Climate scientists map out a hemisphere-wide web of connections
by Bob Henson
Although forecasters wrote the lines well in advance, the winter of 2002–03 strayed from its script across the United States. Extended outlooks, based on the presence of a weak to moderate El Niño, had called for wet weather along the nation’s southern tier and mild, dry conditions to the north and west.
In the Denver area’s heaviest winter storm in 90 years, some foothill locations got upwards of 200 centimeters (79 inches) of snow on 17–19 March. However, most of the intermountain West remains in a severe to extreme drought. (Photo by Carlye Calvin.)
Some of these trends played out—Michigan had its driest winter on record, for instance—but unforeseen events stood out in sharp relief.
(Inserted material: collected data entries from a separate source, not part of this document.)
lemma piecewise_affine_comp:
  assumes f: "piecewise_affine S1 f" and g: "piecewise_affine S2 g" "S2 \<subseteq> {1, -1}" "g \<in> bij_X"
    and T: "\<forall>s1\<in>S1. \<forall>s2\<in>S2. s1 * s2 \<in> T"
  shows "piecewise_affine T (f \<circ> g)"
proof -
  obtain Ff where "finite Ff" and Ff: "\<And>u v. 0 \<le> u \<Longrightarrow> u < v \<Longrightarrow> v \<le> 1 \<Longrightarrow> Ff \<inter> {u<..<v} = {} \<Longrightarrow>
      affine_on S1 f {u<..<v}"
    using f unfolding piecewise_affine_def by blast
  obtain Fg where "finite Fg" and Fg: "\<And>u v. 0 \<le> u \<Longrightarrow> u < v \<Longrightarrow> v \<le> 1 \<Longrightarrow> Fg \<inter> {u<..<v} = {} \<Longrightarrow>
      affine_on S2 g {u<..<v}"
    using g(1) unfolding piecewise_affine_def by blast
  define F where "F = Fg \<union> (g -` Ff \<inter> IET_X)"
  have "finite F"
    unfolding F_def using \<open>finite Fg\<close> finite_vimage_IntI[OF \<open>finite Ff\<close> bij_XD(1)[OF g(3)]] by simp
  moreover have "affine_on T (f \<circ> g) {u<..<v}"
    if uv: "0 \<le> u" "u < v" "v \<le> 1" "F \<inter> {u<..<v} = {}" for u v
  proof -
    have g_uv: "affine_on S2 g {u<..<v}" using Fg uv unfolding F_def by blast
    then obtain u' v' where "u' < v'" and image: "g ` {u<..<v} = {u'<..<v'}"
      using affine_on_image_interval g(2) uv(2) by blast
    have "{u<..<v} \<subseteq> IET_X" using uv unfolding IET_X_def by auto
    then have "{u'<..<v'} \<subseteq> IET_X" using bij_XD(2)[OF g(3)] image by blast
    then have "0 \<le> u'" "v' \<le> 1"
      using \<open>u' < v'\<close> greaterThanLessThan_subseteq_atLeastLessThan_iff[of u' v' 0 1]
      unfolding IET_X_def by simp_all
    moreover have "Ff \<inter> {u'<..<v'} = {}"
      using uv(4) \<open>{u<..<v} \<subseteq> IET_X\<close> unfolding F_def image[symmetric] by blast
    ultimately have "affine_on S1 f (g ` {u<..<v})" using Ff \<open>u' < v'\<close> image by simp
    then show ?thesis using affine_on_comp g_uv T by blast
  qed
  ultimately show ?thesis unfolding piecewise_affine_def by blast
qed

lemma interval_subset_of_overlap:
  fixes u v u' v' y :: real
  assumes "y \<in> {u<..<v}" "y \<in> {u'<..<v'}" "u' \<notin> {u<..<v}" "v' \<notin> {u<..<v}"
  shows "{u<..<v} \<subseteq> {u'<..<v'}"
  using assms by auto

lemma piecewise_affine_inv_X:
  assumes f: "f \<in> bij_X" "piecewise_affine S f" and S: "S \<subseteq> {1, -1}"
  shows "piecewise_affine S (inv_X f)"
proof -
  obtain n a where a0: "a 0 = 0" and an: "a n = 1" and mono: "\<forall>i<n. a i < a (Suc i)"
    and pieces: "\<forall>i<n. affine_on S f {a i<..<a (Suc i)}"
    by (rule partition_of_piecewise_affine[OF f(2)])
  define J where "J i = f ` {a i<..<a (Suc i)}" for i
  \<comment> \<open>breakpoints of the inverse: images of the partition points and endpoints of the image pieces\<close>
  define F where "F = f ` a ` {..n} \<union> (\<lambda>i. Inf (J i)) ` {..<n} \<union> (\<lambda>i. Sup (J i)) ` {..<n}"
  have "finite F" unfolding F_def by simp
  moreover have "affine_on S (inv_X f) {u<..<v}"
    if uv: "0 \<le> u" "u < v" "v \<le> 1" "F \<inter> {u<..<v} = {}" for u v
  proof -
    define y0 where "y0 = (u + v) / 2"
    define x0 where "x0 = inv_X f y0"
    have y0: "y0 \<in> {u<..<v}" "y0 \<in> IET_X" unfolding y0_def mem_IET_X using uv by auto
    then have "x0 \<in> IET_X" unfolding x0_def using bij_XD(2)[OF inv_X_bij_X[OF f(1)]] by blast
    have "f x0 = y0" unfolding x0_def using inv_X_right[OF f(1)] .
    have "x0 \<notin> a ` {..n}"
    proof
      assume "x0 \<in> a ` {..n}"
      then have "y0 \<in> F" unfolding F_def using \<open>f x0 = y0\<close> by auto
      with uv(4) y0(1) show False by blast
    qed
    then obtain i where "i < n" "x0 \<in> {a i<..<a (Suc i)}"
      using partition_open_piece_containing[of a x0 n] a0 an \<open>x0 \<in> IET_X\<close> unfolding mem_IET_X by auto
    then have "y0 \<in> J i" unfolding J_def using \<open>f x0 = y0\<close> by auto
    have "affine_on S f {a i<..<a (Suc i)}" "a i < a (Suc i)" using pieces mono \<open>i < n\<close> by simp_all
    then obtain u' v' where "u' < v'" and J_i: "J i = {u'<..<v'}"
      unfolding J_def using affine_on_image_interval[OF _ S] by metis
    have "Inf (J i) \<in> F" "Sup (J i) \<in> F" unfolding F_def using \<open>i < n\<close> by blast+
    then have "u' \<notin> {u<..<v}" "v' \<notin> {u<..<v}" using uv(4) J_i \<open>u' < v'\<close> by auto
    then have "{u<..<v} \<subseteq> J i"
      using interval_subset_of_overlap[OF y0(1)] \<open>y0 \<in> J i\<close> unfolding J_i by blast
    moreover have "affine_on S (inv_X f) (J i)"
      unfolding J_def using affine_on_inverse pieces \<open>i < n\<close> S inv_X_left[OF f(1)] by blast
    ultimately show ?thesis using affine_on_subset by blast
  qed
  ultimately show ?thesis unfolding piecewise_affine_def by blast
qed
The mid-Atlantic endured one of its wettest, coldest winters in decades, with a parade of snowstorms marching up the East Coast. Instead of the expected north-to-south temperature contrasts, the nation was split from east to west, with record warmth across the Rockies and persistent cold east of the Mississippi.
These surprises point to the limits of the El Niño/Southern Oscillation (ENSO) as a long-range forecast tool. A flurry of research since the mid-1990s has explored another vast system, involving both the Atlantic and Arctic, that influences winter weather across the Northern Hemisphere. The full extent of this system and its physical mechanism are still matters of debate, but according to scientists at NCAR and elsewhere, it could serve as a useful tool for predicting weather swings within a given winter—and perhaps the long-term evolution of northern climate.
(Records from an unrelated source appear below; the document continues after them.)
(* Let $K$ be a set of $m$ knapsacks with capacities $S_i$, $i\in K$, and let $J_S'$ be a set of items each of which is small with respect to every knapsack of $K$, i.e., $s_j<\varepsilon S_i$ for all $j\in J_S'$ and $i\in K$. Let $J_B'$ be a set of items together with a feasible integral packing of $J_B'$ into the knapsacks of $K$ such that the total remaining free capacity in these $m$ knapsacks is at least $s(J_S')=\sum_{j\in J_S'}s_j$. Then the following procedure feasibly packs all items of $J_B'\cup J_S'$ into the $m$ knapsacks of $K$ plus $\varepsilon m$ additional knapsacks, each of which has capacity $\min_{i\in K}S_i$: keep the packing of $J_B'$; consider the items of $J_S'$ in an arbitrary order and the knapsacks of $K$ in an arbitrary order, with the first knapsack opened; if the current small item fits into the remaining capacity of the currently open knapsack, place it there; otherwise place it into the next free slot of the additional knapsacks, close the current knapsack and open the next one.
   Context: Throughout, $\varepsilon>0$ with $\frac1\varepsilon\in\mathbb{N}$ and $\varepsilon m\in\mathbb{N}$. A packing is feasible if every item is placed in at most one knapsack and the total size of items in each knapsack does not exceed its capacity. *)

theory Defs
  imports Main "HOL.Real"
begin

datatype knap = Orig nat | Extra nat

text \<open>A (feasible) packing of the item set J with sizes s into the knapsack set B with
capacities cap, given by an assignment P (so every item is in at most one knapsack):
every item is packed into some knapsack of B and no capacity is exceeded.\<close>
definition feasible_packing ::
  "'a set \<Rightarrow> ('a \<Rightarrow> real) \<Rightarrow> 'b set \<Rightarrow> ('b \<Rightarrow> real) \<Rightarrow> ('a \<Rightarrow> 'b) \<Rightarrow> bool" where
  "feasible_packing J s B cap P \<longleftrightarrow>
     (\<forall>j\<in>J. P j \<in> B) \<and> (\<forall>b\<in>B. (\<Sum>j\<in>{j\<in>J. P j = b}. s j) \<le> cap b)"

definition residual :: "(nat \<Rightarrow> real) \<Rightarrow> 'a set \<Rightarrow> ('a \<Rightarrow> real) \<Rightarrow> ('a \<Rightarrow> nat) \<Rightarrow> nat \<Rightarrow> real" where
  "residual S JB s pB i = S i - (\<Sum>j\<in>{j\<in>JB. pB j = i}. s j)"

text \<open>State: index i of the currently open knapsack, its remaining
capacity r, and the number t of items already placed into additional knapsacks.
Each additional knapsack has L slots; the t-th overflow item goes to additional knapsack
\<open>t div L\<close>. R gives the initial remaining capacity of each original knapsack.\<close>
fun greedy :: "('a \<Rightarrow> real) \<Rightarrow> (nat \<Rightarrow> real) \<Rightarrow> nat \<Rightarrow> nat \<Rightarrow> real \<Rightarrow> nat \<Rightarrow> 'a list \<Rightarrow> ('a \<times> knap) list" where
  "greedy s R L i r t [] = []"
| "greedy s R L i r t (j # js) =
     (if s j \<le> r then (j, Orig i) # greedy s R L i (r - s j) t js
      else (j, Extra (t div L)) # greedy s R L (Suc i) (R (Suc i)) (Suc t) js)"

definition greedy_packing ::
  "real \<Rightarrow> (nat \<Rightarrow> real) \<Rightarrow> 'a set \<Rightarrow> ('a \<Rightarrow> real) \<Rightarrow> ('a \<Rightarrow> nat) \<Rightarrow> 'a list \<Rightarrow> 'a \<Rightarrow> knap" where
  "greedy_packing \<epsilon> S JB s pB js j =
     (let R = residual S JB s pB; L = nat \<lfloor>1 / \<epsilon>\<rfloor> in
      case map_of (greedy s R L 0 (R 0) 0 js) j of Some k \<Rightarrow> k | None \<Rightarrow> Orig (pB j))"

definition knap_cap :: "(nat \<Rightarrow> real) \<Rightarrow> nat \<Rightarrow> knap \<Rightarrow> real" where
  "knap_cap S m k = (case k of Orig i \<Rightarrow> S i | Extra _ \<Rightarrow> Min (S ` {..<m}))"

definition all_knaps :: "nat \<Rightarrow> nat \<Rightarrow> knap set" where
  "all_knaps m e = Orig ` {..<m} \<union> Extra ` {..<e}"

end

(* Every original knapsack only receives small items that fit into its residual capacity,
   so the packing of the big items stays feasible there.  An item overflows only when it does
   not fit into the currently open knapsack, so after c overflows the items processed so far
   exceed the free capacity of the c knapsacks opened; as the total free capacity is at least
   s(J_S'), fewer than m = (1/eps) (eps m) items overflow.  The q-th overflow item goes to
   additional knapsack q div (1/eps), hence eps m additional knapsacks suffice, and each of them
   receives at most 1/eps items, each smaller than eps min S_i. *)
theory Submission
  imports Defs
begin

lemma of_nat_nat_floor_Nats: "x \<in> \<nat> \<Longrightarrow> real (nat \<lfloor>x\<rfloor>) = x"
  by (auto elim: Nats_cases)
Bridging the Arctic and Atlantic
Two concepts, with considerable overlap, lie at the heart of this research.
- The North Atlantic Oscillation (NAO) is a seesaw in atmospheric pressure that helps direct the flow of winter storms from eastern Canada to Europe. A positive NAO index means the contrast between high pressure over the Azores and low pressure in the far north Atlantic is stronger than normal. This usually drives mild Atlantic storms into the bulk of Europe but keeps the Mediterranean on the dry side (see graphic, pg. 5). A negative NAO index denotes a weakened pressure pattern that opens the door to cold, dry Arctic intrusions into northern Europe and wet, slow-moving systems across the south.
- The Arctic Oscillation (AO) involves not just the Atlantic but the full band of winds that encircles the North Pole at about 55°N. When this vortex tightens (a positive AO index), it tends to lock Arctic air over the pole. When the vortex loosens (negative AO), frigid air masses can dive more easily into North America, Europe, and Asia. This pattern is also called the Northern Annular Mode, in parallel with its Antarctic counterpart, the Southern Annular Mode.
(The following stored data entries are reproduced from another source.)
(* Let $a_0,\dots,a_4,b_0,\dots,b_4>0$. Assume $Q<0$, $z_0>0$ (so that $\xi^{ext}_1,\dots,\xi^{ext}_4$ are real) and $\xi_{min}>0$. If $P_5(\xi_{min})>0$ and $P_5(\xi_{max})<0$, then the quartic operator $\mathcal{Q}$ has at least three fixed points in $\mathbb{R}_>^2$, i.e. $N_>^{fix}(\mathcal{Q})\ge 3$.
   Context: Quartic operator on $\mathbb{R}_+^2=\{(x,y):x\ge0,y\ge0\}$: $\mathcal{Q}(x,y)=\big(\sum_{i=0}^4\binom{4}{i}a_i x^{4-i}y^i,\ \sum_{i=0}^4\binom{4}{i}b_i x^{4-i}y^i\big)$; $\mathbb{R}_>^2=\{(x,y):x>0,y>0\}$; $N_>^{fix}(\mathcal{Q})$ is the number of fixed points of $\mathcal{Q}$ in $\mathbb{R}_>^2$. Set $\mu_0=a_4$, $\mu_1=4a_3-b_4$, $\mu_2=6a_2-4b_3$, $\mu_3=4a_1-6b_2$, $\mu_4=a_0-4b_1$, $\mu_5=b_0$, and $P_5(\xi)=\mu_0\xi^5+\mu_1\xi^4+\mu_2\xi^3+\mu_3\xi^2+\mu_4\xi-\mu_5$. Define $p=\frac{15\mu_0\mu_2-6\mu_1^2}{25\mu_0^2}$, $q=\frac{50\mu_0^2\mu_3+8\mu_1^3-30\mu_0\mu_1\mu_2}{125\mu_0^3}$, $r=\frac{15\mu_0\mu_1^2\mu_2-50\mu_0^2\mu_1\mu_3-3\mu_1^4+125\mu_0^3\mu_4}{625\mu_0^4}$ (so that $\omega^4+p\omega^2+q\omega+r=P_5'(\omega-\frac{\mu_1}{5\mu_0})/(5\mu_0)$), $a=-\frac{p^2}{12}-r$, $b=-\frac{p^3}{108}+\frac{pr}{3}-\frac{q^2}{8}$, $Q=(a/3)^3+(b/2)^2$. When $Q<0$ (hence $a<0$), let $\alpha\in[0,\pi]$ with $\cos\alpha=-\frac{b}{2}\left(-\frac{3}{a}\right)^{3/2}$ and $z_0=2\sqrt{-a/3}\,\cos\!\left(\frac{2\pi}{3}+\frac{\alpha}{3}\right)-\frac{p}{3}$. For $z_0>0$ put $\xi^{ext}_{1,2}=\frac12\Big(\sqrt{2z_0}\pm\sqrt{2z_0-4\big(\frac p2+z_0+\frac{q}{2\sqrt{2z_0}}\big)}\Big)-\frac{\mu_1}{5\mu_0}$, $\xi^{ext}_{3,4}=\frac12\Big(-\sqrt{2z_0}\pm\sqrt{2z_0-4\big(\frac p2+z_0-\frac{q}{2\sqrt{2z_0}}\big)}\Big)-\frac{\mu_1}{5\mu_0}$, and $\xi_{min}=\min_j\xi^{ext}_j$, $\xi_{max}=\max_j\xi^{ext}_j$. *)

theory Defs
  imports Complex_Main "HOL-Library.Extended_Nat"
begin

text \<open>Coefficients a_0..a_4 and b_0..b_4 are given as functions nat => real (only indices 0..4 matter).\<close>

definition quartic_op :: "(nat \<Rightarrow> real) \<Rightarrow> (nat \<Rightarrow> real) \<Rightarrow> real \<times> real \<Rightarrow> real \<times> real" where
  "quartic_op a b = (\<lambda>(x, y).
     ((\<Sum>i\<le>4. real (4 choose i) * a i * x ^ (4 - i) * y ^ i),
      (\<Sum>i\<le>4. real (4 choose i) * b i * x ^ (4 - i) * y ^ i)))"

definition fixed_points_pos :: "(nat \<Rightarrow> real) \<Rightarrow> (nat \<Rightarrow> real) \<Rightarrow> (real \<times> real) set" where
  "fixed_points_pos a b = {(x, y). x > 0 \<and> y > 0 \<and> quartic_op a b (x, y) = (x, y)}"

definition N_fix_pos :: "(nat \<Rightarrow> real) \<Rightarrow> (nat \<Rightarrow> real) \<Rightarrow> enat" where
  "N_fix_pos a b = (if finite (fixed_points_pos a b) then enat (card (fixed_points_pos a b)) else \<infinity>)"

definition mu :: "(nat \<Rightarrow> real) \<Rightarrow> (nat \<Rightarrow> real) \<Rightarrow> nat \<Rightarrow> real" where
  "mu a b k = (if k = 0 then a 4
     else if k = 1 then 4 * a 3 - b 4
     else if k = 2 then 6 * a 2 - 4 * b 3
     else if k = 3 then 4 * a 1 - 6 * b 2
     else if k = 4 then a 0 - 4 * b 1
     else b 0)"

definition P5 :: "(nat \<Rightarrow> real) \<Rightarrow> (nat \<Rightarrow> real) \<Rightarrow> real \<Rightarrow> real" where
  "P5 a b \<xi> = mu a b 0 * \<xi> ^ 5 + mu a b 1 * \<xi> ^ 4 + mu a b 2 * \<xi> ^ 3 + mu a b 3 * \<xi> ^ 2
     + mu a b 4 * \<xi> - mu a b 5"

definition pp :: "(nat \<Rightarrow> real) \<Rightarrow> (nat \<Rightarrow> real) \<Rightarrow> real" where
  "pp a b = (let m = mu a b in (15 * m 0 * m 2 - 6 * (m 1)^2) / (25 * (m 0)^2))"

definition qq :: "(nat \<Rightarrow> real) \<Rightarrow> (nat \<Rightarrow> real) \<Rightarrow> real" where
  "qq a b = (let m = mu a b in
     (50 * (m 0)^2 * m 3 + 8 * (m 1)^3 - 30 * m 0 * m 1 * m 2) / (125 * (m 0)^3))"

definition rr :: "(nat \<Rightarrow> real) \<Rightarrow> (nat \<Rightarrow> real) \<Rightarrow> real" where
  "rr a b = (let m = mu a b in
     (15 * m 0 * (m 1)^2 * m 2 - 50 * (m 0)^2 * m 1 * m 3 - 3 * (m 1)^4 + 125 * (m 0)^3 * m 4)
       / (625 * (m 0)^4))"

definition aa :: "(nat \<Rightarrow> real) \<Rightarrow> (nat \<Rightarrow> real) \<Rightarrow> real" where
  "aa a b = - ((pp a b) ^ 2 / 12) - rr a b"

definition bb :: "(nat \<Rightarrow> real) \<Rightarrow> (nat \<Rightarrow> real) \<Rightarrow> real" where
  "bb a b = - ((pp a b) ^ 3 / 108) + pp a b * rr a b / 3 - (qq a b) ^ 2 / 8"

definition QQ :: "(nat \<Rightarrow> real) \<Rightarrow> (nat \<Rightarrow> real) \<Rightarrow> real" where
  "QQ a b = (aa a b / 3)^3 + (bb a b / 2)^2"

definition alpha :: "(nat \<Rightarrow> real) \<Rightarrow> (nat \<Rightarrow> real) \<Rightarrow> real" where
  "alpha a b = arccos (- (bb a b / 2) * (sqrt (- 3 / aa a b))^3)"

definition z0 :: "(nat \<Rightarrow> real) \<Rightarrow> (nat \<Rightarrow> real) \<Rightarrow> real" where
  "z0 a b = 2 * sqrt (- aa a b / 3) * cos (2 * pi / 3 + alpha a b / 3) - pp a b / 3"

definition xi_ext :: "(nat \<Rightarrow> real) \<Rightarrow> (nat \<Rightarrow> real) \<Rightarrow> nat \<Rightarrow> real" where
  "xi_ext a b j = (let z = z0 a b; p = pp a b; q = qq a b; s = sqrt (2 * z);
      sh = mu a b 1 / (5 * mu a b 0) in
     if j = 1 then (s + sqrt (2 * z - 4 * (p / 2 + z + q / (2 * s)))) / 2 - sh
     else if j = 2 then (s - sqrt (2 * z - 4 * (p / 2 + z + q / (2 * s)))) / 2 - sh
     else if j = 3 then (- s + sqrt (2 * z - 4 * (p / 2 + z - q / (2 * s)))) / 2 - sh
     else (- s - sqrt (2 * z - 4 * (p / 2 + z - q / (2 * s)))) / 2 - sh)"

definition xi_min :: "(nat \<Rightarrow> real) \<Rightarrow> (nat \<Rightarrow> real) \<Rightarrow> real" where
  "xi_min a b = Min (xi_ext a b ` {1..4})"

definition xi_max :: "(nat \<Rightarrow> real) \<Rightarrow> (nat \<Rightarrow> real) \<Rightarrow> real" where
  "xi_max a b = Max (xi_ext a b ` {1..4})"

end

theory Submission
  imports Defs
begin

text \<open>Along the ray \<open>y = \<xi> x\<close> the operator is homogeneous of degree four, so \<open>(x, \<xi> x)\<close> with
  \<open>x, \<xi> > 0\<close> is a fixed point iff \<open>x\<^sup>3 A(\<xi>) = 1\<close> and \<open>B(\<xi>) = \<xi> A(\<xi>)\<close>, where \<open>A, B\<close> are the
  two quartic forms at \<open>(1, \<xi>)\<close>. The second condition is \<open>P\<^sub>5(\<xi>) = 0\<close> and the first fixes \<open>x\<close>,
  so distinct positive roots of \<open>P\<^sub>5\<close> give distinct fixed points. Since \<open>P\<^sub>5(0) = -b\<^sub>0 < 0\<close> and
  \<open>P\<^sub>5(\<xi>) \<rightarrow> \<infinity>\<close>, the assumed signs at \<open>\<xi>\<^sub>m\<^sub>i\<^sub>n\<close> and \<open>\<xi>\<^sub>m\<^sub>a\<^sub>x\<close> give a root in each of
  \<open>(0, \<xi>\<^sub>m\<^sub>i\<^sub>n)\<close>, \<open>(\<xi>\<^sub>m\<^sub>i\<^sub>n, \<xi>\<^sub>m\<^sub>a\<^sub>x)\<close> and \<open>(\<xi>\<^sub>m\<^sub>a\<^sub>x, \<infinity>)\<close>.\<close>

lemma IVT_strict_sign_change:
  fixes f :: "real \<Rightarrow> real"
  assumes "continuous_on {l..u} f" and "l \<le> u" and "f l * f u < 0"
  obtains r where "l < r" and "r < u" and "f r = 0"
proof -
  from assms(3) have "f l \<le> 0 \<and> 0 \<le> f u \<or> f u \<le> 0 \<and> 0 \<le> f l"
    by (auto simp: mult_less_0_iff)
  then obtain r where "l \<le> r" "r \<le> u" "f r = 0"
    using IVT'[of f l 0 u] IVT2'[of f u 0 l] assms(1,2) by blast
  moreover have "r \<noteq> l" "r \<noteq> u" using \<open>f r = 0\<close> assms(3) by auto
  ultimately show ?thesis by (intro that) auto
qed

definition dehom_quartic :: "(nat \<Rightarrow> real) \<Rightarrow> real \<Rightarrow> real" where
  "dehom_quartic c \<xi> = (\<Sum>i\<le>4. real (4 choose i) * c i * \<xi> ^ i)"

lemma quartic_op_on_ray:
  "quartic_op a b (x, \<xi> * x) = (x ^ 4 * dehom_quartic a \<xi>, x ^ 4 * dehom_quartic b \<xi>)"
proof -
  have "(\<Sum>i\<le>4. real (4 choose i) * c i * x ^ (4 - i) * (\<xi> * x) ^ i) = x ^ 4 * dehom_quartic c \<xi>"
    for c
    unfolding dehom_quartic_def sum_distrib_left
  proof (rule sum.cong)
    fix i assume "i \<in> {..4::nat}"
    then have "x ^ (4 - i) * x ^ i = x ^ 4" by (simp flip: power_add)
    then show "real (4 choose i) * c i * x ^ (4 - i) * (\<xi> * x) ^ i
             = x ^ 4 * (real (4 choose i) * c i * \<xi> ^ i)"
      by (simp add: power_mult_distrib mult_ac)
  qed simp
  then show ?thesis unfolding quartic_op_def by simp
qed

lemma P5_eq_dehom_quartic: "P5 a b \<xi> = \<xi> * dehom_quartic a \<xi> - dehom_quartic b \<xi>"
  by (simp add: P5_def mu_def dehom_quartic_def numeral_eq_Suc algebra_simps)

lemma dehom_quartic_pos:
  assumes "\<forall>i\<le>4. c i > 0" and "\<xi> > 0"
  shows "dehom_quartic c \<xi> > 0"
  unfolding dehom_quartic_def using assms by (intro sum_pos) auto

lemma filterlim_P5_at_top:
  assumes "mu a b 0 > 0"
  shows "filterlim (P5 a b) at_top at_top"
proof -
  let ?m = "mu a b"
  let ?lower = "\<lambda>\<xi>. ?m 0 + ?m 1 / \<xi> + ?m 2 / \<xi>^2 + ?m 3 / \<xi>^3 + ?m 4 / \<xi>^4 - ?m 5 / \<xi>^5"
  have "(?lower \<longlongrightarrow> ?m 0 + 0 + 0 + 0 + 0 - 0) at_top"
    by (intro tendsto_intros tendsto_divide_0[OF tendsto_const] filterlim_pow_at_top
          filterlim_ident filterlim_at_top_imp_at_infinity) auto
  then have "filterlim (\<lambda>\<xi>. ?lower \<xi> * \<xi> ^ 5) at_top at_top"
    using assms by (intro filterlim_tendsto_pos_mult_at_top filterlim_pow_at_top filterlim_ident) auto
  moreover have ev: "\<forall>\<^sub>F \<xi> in at_top. ?lower \<xi> * \<xi> ^ 5 = P5 a b \<xi>"
    using eventually_gt_at_top[of 0]
    by eventually_elim (simp add: P5_def field_simps eval_nat_numeral)
  ultimately show ?thesis using filterlim_cong[OF refl refl ev] by simp
qed

lemma fixed_point_on_ray:
  assumes a_pos: "\<forall>i\<le>4. a i > 0" and "\<xi> > 0" and root: "P5 a b \<xi> = 0"
  obtains x where "x > 0" and "(x, \<xi> * x) \<in> fixed_points_pos a b"
proof
  let ?A = "dehom_quartic a \<xi>"
  have A_pos: "?A > 0" using dehom_quartic_pos[OF a_pos \<open>\<xi> > 0\<close>] .
  define x where "x = root 3 (1 / ?A)"
  show x_pos: "x > 0" using A_pos unfolding x_def by simp
  have "x ^ 3 * ?A = 1" using A_pos unfolding x_def by simp
  then have "x ^ 4 * ?A = x" by (simp add: eval_nat_numeral mult_ac)
  moreover have "dehom_quartic b \<xi> = \<xi> * ?A" using root by (simp add: P5_eq_dehom_quartic)
  ultimately have "quartic_op a b (x, \<xi> * x) = (x, \<xi> * x)"
    by (simp add: quartic_op_on_ray mult.left_commute)
  then show "(x, \<xi> * x) \<in> fixed_points_pos a b"
    using x_pos \<open>\<xi> > 0\<close> unfolding fixed_points_pos_def by simp
qed

lemma card_pos_roots_le_N_fix_pos:
  assumes a_pos: "\<forall>i\<le>4. a i > 0" and "finite R"
    and roots: "\<forall>\<xi>\<in>R. \<xi> > 0 \<and> P5 a b \<xi> = 0"
  shows "enat (card R) \<le> N_fix_pos a b"
proof -
  have "\<forall>\<xi>\<in>R. \<exists>x. x > 0 \<and> (x, \<xi> * x) \<in> fixed_points_pos a b"
    using fixed_point_on_ray[OF a_pos] roots by metis
  then obtain x where x: "\<And>\<xi>. \<xi> \<in> R \<Longrightarrow> x \<xi> > 0 \<and> (x \<xi>, \<xi> * x \<xi>) \<in> fixed_points_pos a b"
    by metis
  let ?pt = "\<lambda>\<xi>. (x \<xi>, \<xi> * x \<xi>)"
  have "inj_on ?pt R"
  proof (rule inj_onI)
    fix \<xi> \<eta> assume "\<xi> \<in> R" and "?pt \<xi> = ?pt \<eta>"
    then have "\<xi> * x \<xi> = \<eta> * x \<xi>" by (metis prod.inject)
    moreover have "x \<xi> > 0" using x \<open>\<xi> \<in> R\<close> by blast
    ultimately show "\<xi> = \<eta>" by simp
  qed
  then have "card R = card (?pt ` R)" by (simp add: card_image)
  moreover have "?pt ` R \<subseteq> fixed_points_pos a b" using x by auto
  ultimately show ?thesis
    unfolding N_fix_pos_def using card_mono by auto
qed

theorem theorem3:
  fixes a b :: "nat \<Rightarrow> real"
  assumes "\<forall>i\<le>4. a i > 0" and "\<forall>i\<le>4. b i > 0"
    and "QQ a b < 0" and "z0 a b > 0" and "xi_min a b > 0"
    and "P5 a b (xi_min a b) > 0" and "P5 a b (xi_max a b) < 0"
  shows "N_fix_pos a b \<ge> 3"
proof -
  let ?P = "P5 a b" and ?m = "xi_min a b" and ?M = "xi_max a b"
  have cont: "continuous_on S ?P" for S unfolding P5_def by (intro continuous_intros)
  have "?P 0 < 0" using assms(2) by (simp add: P5_def mu_def)
  then obtain r1 where r1: "0 < r1" "r1 < ?m" "?P r1 = 0"
    using IVT_strict_sign_change[OF cont, of 0 ?m] assms(5,6) by (auto simp: mult_neg_pos)
  have "?m \<le> ?M" unfolding xi_min_def xi_max_def
    by (rule order_trans[OF Min_le Max_ge[of _ "xi_ext a b 1"]]) auto
  then obtain r2 where r2: "?m < r2" "r2 < ?M" "?P r2 = 0"
    using IVT_strict_sign_change[OF cont, of ?m ?M] assms(6,7) by (auto simp: mult_pos_neg)
  have "mu a b 0 > 0" using assms(1) by (simp add: mu_def)
  then have "\<forall>\<^sub>F K in at_top. ?P K > 0"
    using filterlim_P5_at_top by (simp add: filterlim_at_top_dense)
  then have "\<forall>\<^sub>F K in at_top. K \<ge> ?M \<and> ?P K > 0"
    by (intro eventually_conj eventually_ge_at_top)
  then obtain K where "K \<ge> ?M" "?P K > 0"
    unfolding eventually_at_top_linorder by blast
  then obtain r3 where r3: "?M < r3" "?P r3 = 0"
    using IVT_strict_sign_change[OF cont, of ?M K] assms(7) by (auto simp: mult_neg_pos)
  have "enat (card {r1, r2, r3}) \<le> N_fix_pos a b"
    using card_pos_roots_le_N_fix_pos[OF assms(1), of "{r1, r2, r3}"] r1 r2 r3 assms(5) by auto
  moreover have "card {r1, r2, r3} = 3" using r1 r2 r3 by auto
  ultimately show ?thesis by (simp add: numeral_eq_enat)
qed

end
NCAR’s Clara Deser summarized the AO’s climate effects in February for the annual meeting of the American Association for the Advancement of Science. She noted that the Arctic vortex was weaker than usual early this winter, a switch from the strongly positive AOs noted since the 1980s. This might have helped lead to the bitter cold that swept the eastern U.S. and Europe—which seemed all the more bracing after the mildness of preceding winters.
Scientist Clara Deser and long-term visitor Christophe Cassou are among the NAO researchers in NCAR’s Climate and Global Dynamics Division. (Photo by Carlye Calvin.)
“The Arctic Oscillation has strengthened in recent decades, which is contributing to unusual warmth over the Northern Hemisphere land masses,” says Deser. Global climate models are on to this trend as well: as greenhouse gases increase, the models tend to produce a positive AO.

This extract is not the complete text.